Items listed in a dataset
::::::

lemma Hausdorff_space_split_infinite_open:
  assumes "Hausdorff_space Y" and "openin Y V" and "infinite V"
  obtains W Q where "openin Y W" "openin Y Q" "W \<subseteq> V" "Q \<subseteq> V" "disjnt W Q"
    "infinite W" "Q \<noteq> {}"
proof -
  obtain a where a: "a \<in> V"
    using \<open>infinite V\<close> infinite_imp_nonempty by blast
  have "infinite (V - {a})"
    using \<open>infinite V\<close> by simp
  then obtain b where b: "b \<in> V" "a \<noteq> b"
    using infinite_imp_nonempty by blast
  have "V \<subseteq> topspace Y"
    using \<open>openin Y V\<close> by (rule openin_subset)
  then have "a \<in> topspace Y" "b \<in> topspace Y"
    using a b by auto
  then obtain A B where AB: "openin Y A" "openin Y B" "a \<in> A" "b \<in> B" "disjnt A B"
    using \<open>Hausdorff_space Y\<close> \<open>a \<noteq> b\<close> unfolding Hausdorff_space_def by meson
  show ?thesis
  proof (cases "finite (A \<inter> V)")
    case True
    have "A \<inter> V \<subseteq> topspace Y"
      using \<open>V \<subseteq> topspace Y\<close> by blast
    then have "closedin Y (A \<inter> V)"
      using True Hausdorff_imp_t1_space[OF \<open>Hausdorff_space Y\<close>]
      by (simp add: t1_space_closedin_finite)
    with \<open>openin Y V\<close> have "openin Y (V - A \<inter> V)"
      by (rule openin_diff)
    moreover have "infinite (V - A \<inter> V)"
      using True \<open>infinite V\<close> by (rule Diff_infinite_finite)
    moreover have "openin Y (A \<inter> V)"
      using AB(1) \<open>openin Y V\<close> by (rule openin_Int)
    ultimately show ?thesis
      using a AB(3) by (intro that[of "V - A \<inter> V" "A \<inter> V"]) (auto simp: disjnt_def)
  next
    case False
    have "openin Y (A \<inter> V)" "openin Y (B \<inter> V)"
      using AB(1,2) \<open>openin Y V\<close> by (simp_all add: openin_Int)
    moreover have "disjnt (A \<inter> V) (B \<inter> V)"
      using AB(5) by (auto simp: disjnt_def)
    ultimately show ?thesis
      using False b AB(4) by (intro that[of "A \<inter> V" "B \<inter> V"]) auto
  qed
qed

lemma disjoint_family_decseq_pieces:
  assumes "decseq R" and "\<And>n. P n \<subseteq> R n" and "\<And>n. disjnt (R (Suc n)) (P n)"
  shows "disjoint_family P"
proof -
  have "disjnt (P m) (P n)" if "m < n" for m n
  proof -
    have "P n \<subseteq> R (Suc m)"
      using assms(2)[of n] decseqD[OF assms(1), of "Suc m" n] \<open>m < n\<close> by auto
    then show ?thesis
      using assms(3)[of m] by (auto simp: disjnt_def)
  qed
  then show ?thesis
    unfolding disjoint_family_on_def disjnt_def by (metis Int_commute linorder_neq_iff)
qed

lemma Hausdorff_space_infinite_disjoint_family:
  assumes "Hausdorff_space Y" and "infinite (topspace Y)"
  obtains S :: "nat \<Rightarrow> 'a set"
  where "\<And>n. openin Y (S n)" "\<And>n. S n \<noteq> {}" "disjoint_family S"
proof -
  define good where "good V \<longleftrightarrow> openin Y V \<and> infinite V" for V
  define splits where "splits V W Q \<longleftrightarrow>
      good W \<and> openin Y Q \<and> W \<subseteq> V \<and> Q \<subseteq> V \<and> disjnt W Q \<and> Q \<noteq> {}" for V W Q
  have "\<exists>W Q. splits V W Q" if "good V" for V
  proof -
    have "openin Y V" "infinite V"
      using that by (simp_all add: good_def)
    then obtain W Q where "openin Y W" "openin Y Q" "W \<subseteq> V" "Q \<subseteq> V" "disjnt W Q"
      "infinite W" "Q \<noteq> {}"
      using Hausdorff_space_split_infinite_open[OF assms(1)] by metis
    then show ?thesis
      unfolding splits_def good_def by blast
  qed
  then obtain rest piece where split: "\<And>V. good V \<Longrightarrow> splits V (rest V) (piece V)"
    by metis
  define R where "R n = (rest ^^ n) (topspace Y)" for n
  have R_Suc: "R (Suc n) = rest (R n)" for n
    by (simp add: R_def)
  have good: "good (R n)" for n
  proof (induction n)
    case 0
    then show ?case using assms by (simp add: R_def good_def)
  next
    case (Suc n)
    then show ?case using split by (simp add: R_Suc splits_def)
  qed
  have piece: "openin Y (piece (R n))" "piece (R n) \<noteq> {}" "piece (R n) \<subseteq> R n"
    "disjnt (R (Suc n)) (piece (R n))" for n
    using split[OF good] by (simp_all add: R_Suc splits_def)
  have "decseq R"
    using split[OF good] by (intro decseq_SucI) (simp add: R_Suc splits_def)
  then have "disjoint_family (\<lambda>n. piece (R n))"
    using piece(3,4) by (rule disjoint_family_decseq_pieces)
  then show ?thesis
    by (intro that[of "\<lambda>n. piece (R n)"] piece(1,2))
qed

lemma completely_regular_space_bump:
  assumes "completely_regular_space Y" and "openin Y S" and "y \<in> S"
  shows "\<exists>\<phi> :: 'a \<Rightarrow> real. continuous_map Y euclideanreal \<phi> \<and> (\<forall>z. \<phi> z \<in> {0..1}) \<and>
    \<phi> y = 1 \<and> (\<forall>z\<in>topspace Y - S. \<phi> z = 0)"
proof -
  have "\<exists>f :: 'a \<Rightarrow> real. continuous_map Y euclideanreal f \<and> f y = 1 \<and> f ` (topspace Y - S) \<subseteq> {0}"
    using assms completely_regular_space_gen_alt'[of 1 0 Y] by simp
  then obtain f :: "'a \<Rightarrow> real" where f: "continuous_map Y euclideanreal f" "f y = 1"
    "f ` (topspace Y - S) \<subseteq> {0}"
    by blast
  have "continuous_map Y euclideanreal (\<lambda>z. max 0 (min 1 (f z)))"
    using f(1) by (intro continuous_map_real_max continuous_map_real_min) auto
  then show ?thesis
    using f(2,3) by (intro exI[of _ "\<lambda>z. max 0 (min 1 (f z))"]) auto
qed

lemma completely_regular_space_bump_sequence:
  assumes "completely_regular_space Y" and "Hausdorff_space Y" and "infinite (topspace Y)"
  obtains y :: "nat \<Rightarrow> 'a" and \<phi> :: "nat \<Rightarrow> 'a \<Rightarrow> real"
  where "\<And>n. y n \<in> topspace Y" "\<And>n. continuous_map Y euclideanreal (\<phi> n)"
    "\<And>n z. \<phi> n z \<in> {0..1}" "\<And>n. \<phi> n (y n) = 1"
    "\<And>z. z \<in> topspace Y \<Longrightarrow> \<exists>m. \<forall>n. n \<noteq> m \<longrightarrow> \<phi> n z = 0"
proof -
  obtain S :: "nat \<Rightarrow> 'a set" where S: "\<And>n. openin Y (S n)" "\<And>n. S n \<noteq> {}" "disjoint_family S"
    using Hausdorff_space_infinite_disjoint_family[OF assms(2,3)] by blast
  have "\<forall>n. \<exists>z. z \<in> S n"
    using S(2) by blast
  then obtain y where y: "\<And>n. y n \<in> S n"
    using choice by metis
  have "\<forall>n. \<exists>\<phi>. continuous_map Y euclideanreal \<phi> \<and> (\<forall>z. \<phi> z \<in> {0..1}) \<and>
      \<phi> (y n) = 1 \<and> (\<forall>z\<in>topspace Y - S n. \<phi> z = 0)"
    using completely_regular_space_bump[OF assms(1) S(1) y] by blast
  then obtain \<phi> where "\<forall>n. continuous_map Y euclideanreal (\<phi> n) \<and> (\<forall>z. \<phi> n z \<in> {0..1}) \<and>
      \<phi> n (y n) = 1 \<and> (\<forall>z\<in>topspace Y - S n. \<phi> n z = 0)"
    by (metis choice)
  then have \<phi>: "\<And>n. continuous_map Y euclideanreal (\<phi> n)" "\<And>n z. \<phi> n z \<in> {0..1}"
    "\<And>n. \<phi> n (y n) = 1" "\<And>n z. z \<in> topspace Y - S n \<Longrightarrow> \<phi> n z = 0"
    by simp_all
  have "\<exists>m. \<forall>n. n \<noteq> m \<longrightarrow> \<phi> n z = 0" if z: "z \<in> topspace Y" for z
  proof (cases "\<exists>m. z \<in> S m")
    case True
    then obtain m where "z \<in> S m" ..
    then have "z \<notin> S n" if "n \<noteq> m" for n
      using S(3) that unfolding disjoint_family_on_def by blast
    then show ?thesis
      using \<phi>(4) z by blast
  next
    case False
    then show ?thesis
      using \<phi>(4) z by blast
  qed
  moreover have "y n \<in> topspace Y" for n
    using y S(1) openin_subset by blast
  ultimately show ?thesis
    using \<phi> by (intro that)
qed

definition bump_sum ::
  "('a \<Rightarrow> real) \<Rightarrow> (nat \<Rightarrow> 'a \<Rightarrow> real) \<Rightarrow> (nat \<Rightarrow> 'b \<Rightarrow> real) \<Rightarrow> 'a \<Rightarrow> 'b \<Rightarrow> real" where
  "bump_sum c Z \<phi> x z = c x + (\<Sum>n. \<phi> n z * (Z n x - c x))"

lemma bump_sum_single:
  assumes "\<And>n. n \<noteq> m \<Longrightarrow> \<phi> n z = 0"
  shows "bump_sum c Z \<phi> x z = c x + \<phi> m z * (Z m x - c x)"
proof -
  have "(\<Sum>n. \<phi> n z * (Z n x - c x)) = (\<Sum>n\<in>{m}. \<phi> n z * (Z n x - c x))"
    by (rule suminf_finite) (use assms in auto)
  then show ?thesis
    by (simp add: bump_sum_def)
qed

lemma bump_sum_finite:
  assumes "\<And>n. N \<le> n \<Longrightarrow> Z n x = c x"
  shows "bump_sum c Z \<phi> x = (\<lambda>z. c x + (\<Sum>n<N. \<phi> n z * (Z n x - c x)))"
proof
  fix z
  have "(\<Sum>n. \<phi> n z * (Z n x - c x)) = (\<Sum>n<N. \<phi> n z * (Z n x - c x))"
    by (rule suminf_finite) (use assms in auto)
  then show "bump_sum c Z \<phi> x z = c x + (\<Sum>n<N. \<phi> n z * (Z n x - c x))"
    by (simp add: bump_sum_def)
qed

lemma continuous_map_bump_sum_left:
  assumes "continuous_map X euclideanreal c" and "\<And>n. continuous_map X euclideanreal (Z n)"
    and "\<And>n. n \<noteq> m \<Longrightarrow> \<phi> n z = 0"
  shows "continuous_map X euclideanreal (\<lambda>x. bump_sum c Z \<phi> x z)"
proof -
  have "bump_sum c Z \<phi> x z = c x + \<phi> m z * (Z m x - c x)" for x
    by (rule bump_sum_single) (rule assms(3))
  then show ?thesis
    by (simp only:) (intro continuous_map_add continuous_map_real_mult_left continuous_map_diff assms(1,2))
qed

::::::

▶ _Problem description_
Every line with "lemma" in it should be copied from the entries.

▶ _Worked solution_
lemma Hausdorff_space_split_infinite_open:
lemma disjoint_family_decseq_pieces:
lemma Hausdorff_space_infinite_disjoint_family:
lemma completely_regular_space_bump:
lemma completely_regular_space_bump_sequence:
lemma bump_sum_single:
lemma bump_sum_finite:
lemma continuous_map_bump_sum_left:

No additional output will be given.